Della's ASXL3 Genetic Research Published



The genetic research that Della participated in studying children who have a mutation of the ASXL3 gene, has been published online. And bless them, they have given free access to the publication. Many medical research articles can only be viewed by those deemed appropriate (like doctors) and often require subscription fees. Anyway, the article is long and full of science-y words, so you may just want to skim. Della is "Subject 3" so you can identify her in the article. There are pictures of the four kids (one who has already passed away) and it is clear that Della is the least severe. The description of her picture uses a few medical terms to describe the physical manifestations of the disorder. I looked up the terms and they describe Della's upturned nose, full rounded cheeks, and deep creases in her palms. All the kids have the upturned nose, deeply creased palms, low set ears, high and prominent foreheads, full rounded cheeks, feeding difficulties, developmental delays, hypotonia (low muscle tone), intellectual disability, and all are completely nonverbal. 3/4 (Della included) also have a high arched palate. The other three children have symptoms that Della doesn't. Some of these include microcephaly, non-ambulatory (can't walk), failure to thrive, bottom percentiles in height and weight (Della used to be), and have a condition that causes the bones in the fingers to grow outward towards the pinkies (limiting the use of their hands). We are so thankful Della was spared some of these symptoms. But I can't help but have some "survivor's guilt" in thinking about the children who have all of the listed issues. My heart breaks for them.
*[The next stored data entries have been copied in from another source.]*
(* Let $a_1,\dots,a_n$ be real numbers with $n=k\ell$ odd (for positive integers $k,\ell$). Let $\Pi$ be the set of all partitions $\pi=\{S_1,\dots,S_\ell\}$ of $[n]$ into $\ell$ blocks each of size $k$. Then \[ \operatorname{median}_{\pi\in\Pi}\ \operatorname{median}_{b\in[\ell]}\ \operatorname{median}_{i\in S_b} a_i=\operatorname{median}_{i\in[n]} a_i . \]
   Context: The median of a finite list of odd length is its middle element after sorting; the median of a list of even length (which may occur for the outer median over $\Pi$) is the average of its two middle elements. The outer median is taken over the list of values, one for each partition $\pi\in\Pi$. *)

theory Defs
  imports Complex_Main "HOL-Library.Multiset" "HOL-Library.Disjoint_Sets"
begin

definition median_list :: "real list \<Rightarrow> real" where
  "median_list xs = (let ys = sort xs; m = length ys in
     if odd m then ys ! (m div 2)
     else (ys ! (m div 2 - 1) + ys ! (m div 2)) / 2)"

definition median_mset :: "real multiset \<Rightarrow> real" where
  "median_mset M = median_list (sorted_list_of_multiset M)"

definition median_over :: "('b \<Rightarrow> real) \<Rightarrow> 'b set \<Rightarrow> real" where
  "median_over f A = median_mset (image_mset f (mset_set A))"

definition equipartitions :: "nat \<Rightarrow> nat \<Rightarrow> nat \<Rightarrow> nat set set set" where
  "equipartitions n k l = {P. partition_on {1..n} P \<and> card P = l \<and> (\<forall>S\<in>P. card S = k)}"

end

(*
  Sort the values, breaking ties, so that a = h \<circ> g\<inverse> for a bijection g from {0..<n} onto {1..n}
  and h monotone; relabelling along g changes none of the medians. Medians commute with
  monotone maps, so the median of a block is h at its median rank, the median of a partition
  is h at the median of its block-median ranks, and the median of all values is h (n div 2).
  The reflection x \<mapsto> n - 1 - x of ranks maps equipartitions to equipartitions and reflects
  the median-of-medians rank about (n - 1) / 2, so as many partitions have this rank below
  n div 2 as above it, and the partition into consecutive intervals hits n div 2 exactly.
  Hence fewer than half of the partitions have value below h (n div 2) and fewer than half
  above it, which pins the outer median down to h (n div 2).
*)
theory Submission
  imports Defs
begin

lemma sorted_nth_eqI:
  fixes ys :: "'a::linorder list"
  assumes sorted: "sorted ys" and i: "i < length ys"
    and below: "length (filter (\<lambda>x. x < m) ys) \<le> i"
    and above: "i + length (filter (\<lambda>x. m < x) ys) < length ys"
  shows "ys ! i = m"
proof (rule ccontr)
  assume "ys ! i \<noteq> m"
  then consider "ys ! i < m" | "m < ys ! i" by (meson linorder_neqE)
  then show False
  proof cases
    case 1
    have "{..i} \<subseteq> {j. j < length ys \<and> ys ! j < m}"
      using sorted i 1 by (auto intro: le_less_trans[OF sorted_nth_mono])
    then have "card {..i} \<le> length (filter (\<lambda>x. x < m) ys)"
      unfolding length_filter_conv_card by (rule card_mono[rotated]) simp
    then show False using below by simp
  next
    case 2
    have "{i..<length ys} \<subseteq> {j. j < length ys \<and> m < ys ! j}"
      using sorted i 2 by (auto intro: less_le_trans[OF _ sorted_nth_mono])
    then have "card {i..<length ys} \<le> length (filter (\<lambda>x. m < x) ys)"
      unfolding length_filter_conv_card by (rule card_mono[rotated]) simp
    then show False using above by simp
  qed
qed
theorem mainTheorem8:
  fixes M :: "'w measure" and m k :: nat and \<delta> t :: real
    and Gam :: "'w \<Rightarrow> real" and N :: "'w \<Rightarrow> nat" and A :: "'w \<Rightarrow> nat \<Rightarrow> real"
    and \<pi> :: "'w \<Rightarrow> nat \<Rightarrow> nat"
  assumes m: "m \<ge> 1" and \<delta>: "\<delta> > - real m" and k: "k > m" and t: "0 < t" "t < 1"
    and root: "polya_root_younger M m \<delta> t Gam N A"
    and \<pi>_meas: "\<pi> \<in> measurable M (count_space UNIV)"
    and \<pi>_perm: "\<forall>\<omega>\<in>space M. \<pi> \<omega> permutes {m+1..k}"
    and \<pi>_unif: "\<forall>\<sigma>. \<sigma> permutes {m+1..k} \<longrightarrow>
                    measure M {\<omega> \<in> space M. \<pi> \<omega> = \<sigma>} = 1 / fact (k - m)"
    and \<pi>_indep: "\<forall>\<sigma> E. E \<in> sets (borel \<Otimes>\<^sub>M count_space UNIV \<Otimes>\<^sub>M Pi\<^sub>M UNIV (\<lambda>_. borel)) \<longrightarrow>
                    measure M {\<omega> \<in> space M. \<pi> \<omega> = \<sigma> \<and> (Gam \<omega>, N \<omega>, A \<omega>) \<in> E}
                    = measure M {\<omega> \<in> space M. \<pi> \<omega> = \<sigma>}
                      * measure M {\<omega> \<in> space M. (Gam \<omega>, N \<omega>, A \<omega>) \<in> E}"
  shows "measure M {\<omega> \<in> space M. m + N \<omega> = k} > 0
       \<and> (\<forall>B :: nat \<Rightarrow> real set. (\<forall>j. B j \<in> sets borel) \<longrightarrow>
            measure M {\<omega> \<in> space M. m + N \<omega> = k \<and> (\<forall>j\<in>{m+1..k}. A \<omega> (\<pi> \<omega> j) \<in> B j)}
              / measure M {\<omega> \<in> space M. m + N \<omega> = k}
            = (\<Prod>j\<in>{m+1..k}. LINT x:B j|lborel. f_dens t (tau_par m \<delta>) x))
       \<and> (\<forall>s::real. 0 < s \<and> s < 1 \<longrightarrow> (\<forall>x::real.
            (LINT y:{x..}|lborel. f_dens 0 (tau_par m \<delta>) y)
              \<le> (LINT y:{x..}|lborel. f_dens s (tau_par m \<delta>) y)))"
proof -
  interpret polya_root M m \<delta> t Gam N A
    using m \<delta> t root by (intro polya_root.intro polya_root_axioms.intro) (simp_all add: polya_root_younger_def)
  have N_eq: "{\<omega> \<in> space M. m + N \<omega> = k} = {\<omega> \<in> space M. N \<omega> = k - m}"
    using k by auto
  have pos: "measure M {\<omega> \<in> space M. m + N \<omega> = k} > 0"
    unfolding N_eq by (rule prob_N_pos)
  have "measure M {\<omega> \<in> space M. m + N \<omega> = k \<and> (\<forall>j\<in>{m+1..k}. A \<omega> (\<pi> \<omega> j) \<in> B j)}
      / measure M {\<omega> \<in> space M. m + N \<omega> = k}
      = (\<Prod>j\<in>{m+1..k}. LINT x:B j|lborel. f_dens t (tau_par m \<delta>) x)"
    if "\<forall>j. B j \<in> sets borel" for B
  proof -
    interpret polya_root_cells M m \<delta> t Gam N A k B
      using k that by unfold_locales auto
    have "{\<omega> \<in> space M. m + N \<omega> = k \<and> (\<forall>j\<in>{m+1..k}. A \<omega> (\<pi> \<omega> j) \<in> B j)}
        = {\<omega> \<in> space M. N \<omega> = n \<and> (\<forall>j\<in>J. A \<omega> (\<pi> \<omega> j) \<in> B j)}"
      using k by (auto simp: n_def J_def)
    then show ?thesis
      using prob_permuted_ages[unfolded J_def n_def, OF \<pi>_meas \<pi>_perm \<pi>_unif \<pi>_indep] pos
      by (simp add: N_eq n_def J_def age_law_def)
  qed
  moreover have "\<forall>s::real. 0 < s \<and> s < 1 \<longrightarrow> (\<forall>x::real.
      (LINT y:{x..}|lborel. f_dens 0 (tau_par m \<delta>) y) \<le> (LINT y:{x..}|lborel. f_dens s (tau_par m \<delta>) y))"
    using set_integral_f_dens_atLeast_mono[OF tau_gt_1, of 0] by simp
  ultimately show ?thesis
    using pos by blast
qed

end
lemma induces_iso_if_inverse_substs:
  fixes \<chi> \<psi> :: "gen \<Rightarrow> 'l::field fa"
  assumes S1: "S1 \<subseteq> fa_over n" and S2: "S2 \<subseteq> fa_over n"
    and \<chi>_over: "\<And>x. x \<in> letters n \<Longrightarrow> \<chi> x \<in> fa_over n"
    and \<psi>_over: "\<And>x. x \<in> letters n \<Longrightarrow> \<psi> x \<in> fa_over n"
    and \<chi>_rels: "\<And>r. r \<in> S1 \<Longrightarrow> subst \<chi> r \<in> ideal_gen S2"
    and \<psi>_rels: "\<And>r. r \<in> S2 \<Longrightarrow> subst \<psi> r \<in> ideal_gen S1"
    and \<psi>\<chi>: "\<And>x. x \<in> letters n \<Longrightarrow> subst \<psi> (\<chi> x) - fa_word [x] \<in> ideal_gen S1"
    and \<chi>\<psi>: "\<And>x. x \<in> letters n \<Longrightarrow> subst \<chi> (\<psi> x) - fa_word [x] \<in> ideal_gen S2"
  shows "induces_iso n (fa_ideal n (fa_coeffs ` S1)) (fa_ideal n (fa_coeffs ` S2)) (\<lambda>x. fa_coeffs (\<chi> x))"
proof -
  note ideal = two_sided_ideal_ideal_gen
  have \<chi>_ideal: "p \<in> ideal_gen S1 \<Longrightarrow> subst \<chi> p \<in> ideal_gen S2" for p
    by (rule subst_ideal_gen[OF ideal \<chi>_rels])
  have \<psi>_ideal: "p \<in> ideal_gen S2 \<Longrightarrow> subst \<psi> p \<in> ideal_gen S1" for p
    by (rule subst_ideal_gen[OF ideal \<psi>_rels])
  have \<psi>\<chi>_id: "subst \<psi> (subst \<chi> p) - p \<in> ideal_gen S1" if "p \<in> fa_over n" for p
    unfolding subst_subst using subst_cong_ideal[OF ideal _ that] \<psi>\<chi> by (simp add: subst_fa_word)
  have \<chi>\<psi>_id: "subst \<chi> (subst \<psi> p) - p \<in> ideal_gen S2" if "p \<in> fa_over n" for p
    unfolding subst_subst using subst_cong_ideal[OF ideal _ that] \<chi>\<psi> by (simp add: subst_fa_word)
  have reflect: "p \<in> ideal_gen S1" if "p \<in> fa_over n" "subst \<chi> p \<in> ideal_gen S2" for p
    using two_sided_ideal_diff[OF ideal \<psi>_ideal[OF that(2)] \<psi>\<chi>_id[OF that(1)]] by simp
  show ?thesis
    unfolding induces_iso_def
  proof (intro conjI fa_subst_algebra_hom[OF \<chi>_over] ballI impI)
    fix f :: "gen list \<Rightarrow> 'l" assume "f \<in> fa_carrier n" and "f \<in> fa_ideal n (fa_coeffs ` S1)"
    then obtain p where "p \<in> fa_over n" "p \<in> ideal_gen S1" "f = fa_coeffs p"
      by (auto simp: fa_carrier_iff fa_ideal_iff_ideal_gen S1)
    then show "fa_subst (\<lambda>x. fa_coeffs (\<chi> x)) f \<in> fa_ideal n (fa_coeffs ` S2)"
      by (simp add: fa_subst_fa_coeffs fa_ideal_iff_ideal_gen S2 fa_over_subst \<chi>_over \<chi>_ideal)
  next
    fix f :: "gen list \<Rightarrow> 'l" assume "f \<in> fa_carrier n" and "fa_subst (\<lambda>x. fa_coeffs (\<chi> x)) f \<in> fa_ideal n (fa_coeffs ` S2)"
    then obtain p where "p \<in> fa_over n" "subst \<chi> p \<in> ideal_gen S2" "f = fa_coeffs p"
      by (auto simp: fa_carrier_iff fa_subst_fa_coeffs fa_ideal_iff_ideal_gen S2 fa_over_subst \<chi>_over)
    then show "f \<in> fa_ideal n (fa_coeffs ` S1)"
      by (simp add: fa_ideal_iff_ideal_gen S1 reflect)
  next
    fix g :: "gen list \<Rightarrow> 'l" assume "g \<in> fa_carrier n"
    then obtain p where p: "p \<in> fa_over n" "g = fa_coeffs p" by (auto simp: fa_carrier_iff)
    then have "fa_diff (fa_subst (\<lambda>x. fa_coeffs (\<chi> x)) (fa_coeffs (subst \<psi> p))) g
        \<in> fa_ideal n (fa_coeffs ` S2)"
      using \<chi>\<psi>_id[OF p(1)]
      by (simp add: fa_subst_fa_coeffs S2 fa_ideal_iff_ideal_gen fa_over_diff fa_over_subst \<chi>_over \<psi>_over
          flip: fa_coeffs_diff)
    moreover have "fa_coeffs (subst \<psi> p) \<in> fa_carrier n"
      by (simp add: fa_coeffs_in_fa_carrier fa_over_subst \<psi>_over p(1))
    ultimately show "\<exists>f\<in>fa_carrier n. fa_diff (fa_subst (\<lambda>x. fa_coeffs (\<chi> x)) f) g \<in> fa_ideal n (fa_coeffs ` S2)"
      by blast
  qed
qed

section \<open>The twist isomorphism\<close>

definition bt_rels_fa :: "nat \<Rightarrow> 'l::field \<Rightarrow> 'l \<Rightarrow> 'l fa set" where
  "bt_rels_fa n a b =
     {fa_word [E i, E j] - fa_word [E j, E i] | i j. 1 \<le> i \<and> i < n \<and> 1 \<le> j \<and> j < n}
   \<union> {fa_word [E i, E i] - fa_word [E i] | i. 1 \<le> i \<and> i < n}
   \<union> {fa_word [E i, G j] - fa_word [G j, E i] | i j. 1 \<le> i \<and> i < n \<and> 1 \<le> j \<and> j < n
          \<and> (i + 1 < j \<or> j + 1 < i)}
   \<union> {fa_word [E i, G i] - fa_word [G i, E i] | i. 1 \<le> i \<and> i < n}
   \<union> {fa_word [E i, G j, G i] - fa_word [G j, G i, E j] | i j. 1 \<le> i \<and> i < n \<and> 1 \<le> j \<and> j < n
          \<and> (j = i + 1 \<or> i = j + 1)}
   \<union> {fa_word [E i, E j, G i] - fa_word [E j, G i, E j] | i j. 1 \<le> i \<and> i < n \<and> 1 \<le> j \<and> j < n
          \<and> (j = i + 1 \<or> i = j + 1)}
   \<union> {fa_word [E j, G i, E j] - fa_word [G i, E i, E j] | i j. 1 \<le> i \<and> i < n \<and> 1 \<le> j \<and> j < n
          \<and> (j = i + 1 \<or> i = j + 1)}
   \<union> {fa_word [G i, G j] - fa_word [G j, G i] | i j. 1 \<le> i \<and> i < n \<and> 1 \<le> j \<and> j < n
          \<and> (i + 1 < j \<or> j + 1 < i)}
   \<union> {fa_word [G i, G j, G i] - fa_word [G j, G i, G j] | i j. 1 \<le> i \<and> i < n \<and> 1 \<le> j \<and> j < n
          \<and> (j = i + 1 \<or> i = j + 1)}
   \<union> {fa_word [G i, G i] - (fa_word [] + (fa_const (a - 1) * fa_word [E i] + fa_const (b - 1) * fa_word [E i, G i]))
       | i. 1 \<le> i \<and> i < n}"

lemma fa_coeffs_bt_rels_fa: "fa_coeffs ` bt_rels_fa n a b = bt_rels n a b"
proof -
  have image2: "f ` {F i j | i j. P i j} = {f (F i j) | i j. P i j}" for f F P by blast
  have image1: "f ` {F i | i. P i} = {f (F i) | i. P i}" for f F P by blast
  show ?thesis
    unfolding bt_rels_fa_def bt_rels_def image_Un image2 image1
      fa_coeffs_diff fa_coeffs_fa_word fa_coeffs_add fa_coeffs_smul ..
qed

lemma bt_rels_fa_over: "bt_rels_fa n a b \<subseteq> fa_over n"
  unfolding bt_rels_fa_def
  by (auto intro!: fa_over_diff fa_over_add fa_over_fa_const_times fa_over_fa_word simp: letters_def)

lemma fa_word_Cons_Cons: "fa_word (x # y # w) = fa_word [x] * fa_word (y # w)"
  by (rule fa_word_Cons)

lemma bt_relations_letters:
  "bt_relations (ideal_gen (bt_rels_fa n a b)) fa_const (\<lambda>i. fa_word [E i]) (\<lambda>i. fa_word [G i]) n (a - 1) (b - 1)"
  unfolding bt_relations_def cong_mod_def adjacent_def distant_def
  by (intro conjI ballI impI; rule ideal_gen.generator; unfold bt_rels_fa_def;
      simp only: fa_word_Cons_Cons fa_word_Nil atLeastLessThan_iff; blast)

lemma subst_bt_rels_fa:
  assumes "bt_relations J fa_const e g n (a - 1) (b - 1)"
    and "\<And>i. 1 \<le> i \<Longrightarrow> i < n \<Longrightarrow> \<chi> (E i) = e i"
    and "\<And>i. 1 \<le> i \<Longrightarrow> i < n \<Longrightarrow> \<chi> (G i) = g i"
    and "r \<in> bt_rels_fa n a b"
  shows "subst \<chi> r \<in> J"
  using assms unfolding bt_relations_def cong_mod_def adjacent_def distant_def Ball_def atLeastLessThan_iff
    bt_rels_fa_def
  by (elim UnE CollectE exE conjE; simp only: subst_diff subst_add subst_fa_const_times subst_fa_word
      subst_word_Cons subst_word_Nil mult_1_right assms(2,3); blast)

definition bt_subst :: "'l::field \<Rightarrow> gen \<Rightarrow> 'l fa" where
  "bt_subst \<delta> x = (case x of G i \<Rightarrow> fa_word [G i] + fa_const \<delta> * fa_word [E i, G i] | E i \<Rightarrow> fa_word [E i])"

lemma fa_coeffs_bt_subst: "(\<lambda>x. fa_coeffs (bt_subst \<delta> x)) = bt_assign \<delta>"
  by (rule ext, case_tac x) (simp_all add: bt_assign_def bt_subst_def fa_coeffs_add fa_coeffs_smul fa_coeffs_fa_word)

lemma bt_subst_over: "x \<in> letters n \<Longrightarrow> bt_subst \<delta> x \<in> fa_over n"
  by (auto simp: letters_def bt_subst_def intro!: fa_over_add fa_over_fa_const_times fa_over_fa_word)

lemma bt_subst_G: "bt_subst \<delta> (G i) = (1 + fa_const \<delta> * fa_word [E i]) * fa_word [G i]"
  by (simp add: bt_subst_def fa_word_Cons_Cons algebra_simps)

lemma subst_bt_subst_bt_rels_fa:
  assumes a: "a \<noteq> 0" and a': "a' = (1 + \<delta>) ^ 2 * a" and b': "b' = (b - 1) * (1 + \<delta>) + 1"
    and r: "r \<in> bt_rels_fa n a' b'"
  shows "subst (bt_subst \<delta>) r \<in> ideal_gen (bt_rels_fa n a b)"
proof -
  let ?T = "\<lambda>i. (1 + fa_const \<delta> * fa_word [E i]) * fa_word [G i]"
  have "bt_relations (ideal_gen (bt_rels_fa n a b)) fa_const (\<lambda>i. fa_word [E i]) ?T n
      ((1 + \<delta>) * (1 + \<delta>) * (1 + (a - 1)) - 1) ((b - 1) * (1 + \<delta>))"
    using a by (intro bt_relations_twist two_sided_ideal_ideal_gen bt_relations_letters fa_const_central)
      (simp_all add: fa_const_add fa_const_mult fa_const_one)
  moreover have "(1 + \<delta>) * (1 + \<delta>) * (1 + (a - 1)) - 1 = a' - 1" "(b - 1) * (1 + \<delta>) = b' - 1"
    by (simp_all add: a' b' power2_eq_square)
  ultimately have "bt_relations (ideal_gen (bt_rels_fa n a b)) fa_const (\<lambda>i. fa_word [E i]) ?T n (a' - 1) (b' - 1)"
    by (simp only:)
  then show ?thesis
    by (rule subst_bt_rels_fa[OF _ _ _ r]) (simp add: bt_subst_def, simp add: bt_subst_G)
qed

lemma bt_subst_E: "bt_subst \<delta> (E i) = fa_word [E i]"
  by (simp add: bt_subst_def)

lemma twist_twist_inverse:
  fixes \<delta> \<delta>' :: "'l::field" and e g :: "'l fa"
  assumes "(1 + \<delta>) * (1 + \<delta>') = 1"
  shows "(1 + fa_const \<delta> * e) * ((1 + fa_const \<delta>' * e) * g) - g = fa_const (\<delta> * \<delta>') * ((e * e - e) * g)"
proof -
  have sum: "\<delta> + \<delta>' = - (\<delta> * \<delta>')" using assms by (simp add: algebra_simps eq_neg_iff_add_eq_0)
  have "(1 + fa_const \<delta> * e) * ((1 + fa_const \<delta>' * e) * g) - g
      = fa_const \<delta> * (e * (fa_const \<delta>' * (e * g))) + (fa_const \<delta> + fa_const \<delta>') * (e * g)"
    by (simp add: algebra_simps)
  also have "e * (fa_const \<delta>' * (e * g)) = fa_const \<delta>' * (e * (e * g))"
    by (metis fa_const_central mult.assoc)
  also have "fa_const \<delta> + fa_const \<delta>' = - fa_const (\<delta> * \<delta>')"
    by (metis sum fa_const_add add.inverse_unique add_eq_0_iff fa_const_zero)
  finally show ?thesis by (simp add: fa_const_mult algebra_simps)
qed

lemma subst_bt_subst_inverse:
  assumes \<delta>: "(1 + \<delta>) * (1 + \<delta>') = 1" and x: "x \<in> letters n"
  shows "subst (bt_subst \<delta>') (bt_subst \<delta> x) - fa_word [x] \<in> ideal_gen (bt_rels_fa n a b)"
proof (cases x)
  case (G i)
  let ?e = "fa_word [E i]" and ?g = "fa_word [G i]"
  from x G have "1 \<le> i \<and> i < n" by (auto simp: letters_def)
  then have "fa_word [E i, E i] - ?e \<in> bt_rels_fa n a b" unfolding bt_rels_fa_def by blast
  then have idem: "?e * ?e - ?e \<in> ideal_gen (bt_rels_fa n a b)"
    by (simp add: ideal_gen.generator flip: fa_word_Cons_Cons)
  have "subst (bt_subst \<delta>') (bt_subst \<delta> x) - fa_word [x] = fa_const (\<delta> * \<delta>') * ((?e * ?e - ?e) * ?g)"
    by (simp add: G bt_subst_G bt_subst_E subst_times subst_add subst_one subst_fa_const subst_fa_word
        twist_twist_inverse[OF \<delta>])
  also have "\<dots> \<in> ideal_gen (bt_rels_fa n a b)"
    by (intro two_sided_ideal_mult_left[OF two_sided_ideal_ideal_gen]
        two_sided_ideal_mult_right[OF two_sided_ideal_ideal_gen] idem)
  finally show ?thesis .
qed (simp add: bt_subst_E subst_fa_word ideal_gen.zero)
A few terms you might see:

de novo: Neither parent carries the ASXL3 genetic mutation. In all 4 kids the mutation happened spontaneously instead of being inherited and that's what makes this study so interesting (according to docs).

Bohring-Opitz Syndrome: A condition caused 50% of the time by a mutation of the ASXL2 (and sometimes ASXL1) gene. Physical manifestations are very similar to Della's (ASXL3) but kids with Bohring-Opitz have a lot of medical complications and don't live past early childhood. Della doesn't have this syndrome. 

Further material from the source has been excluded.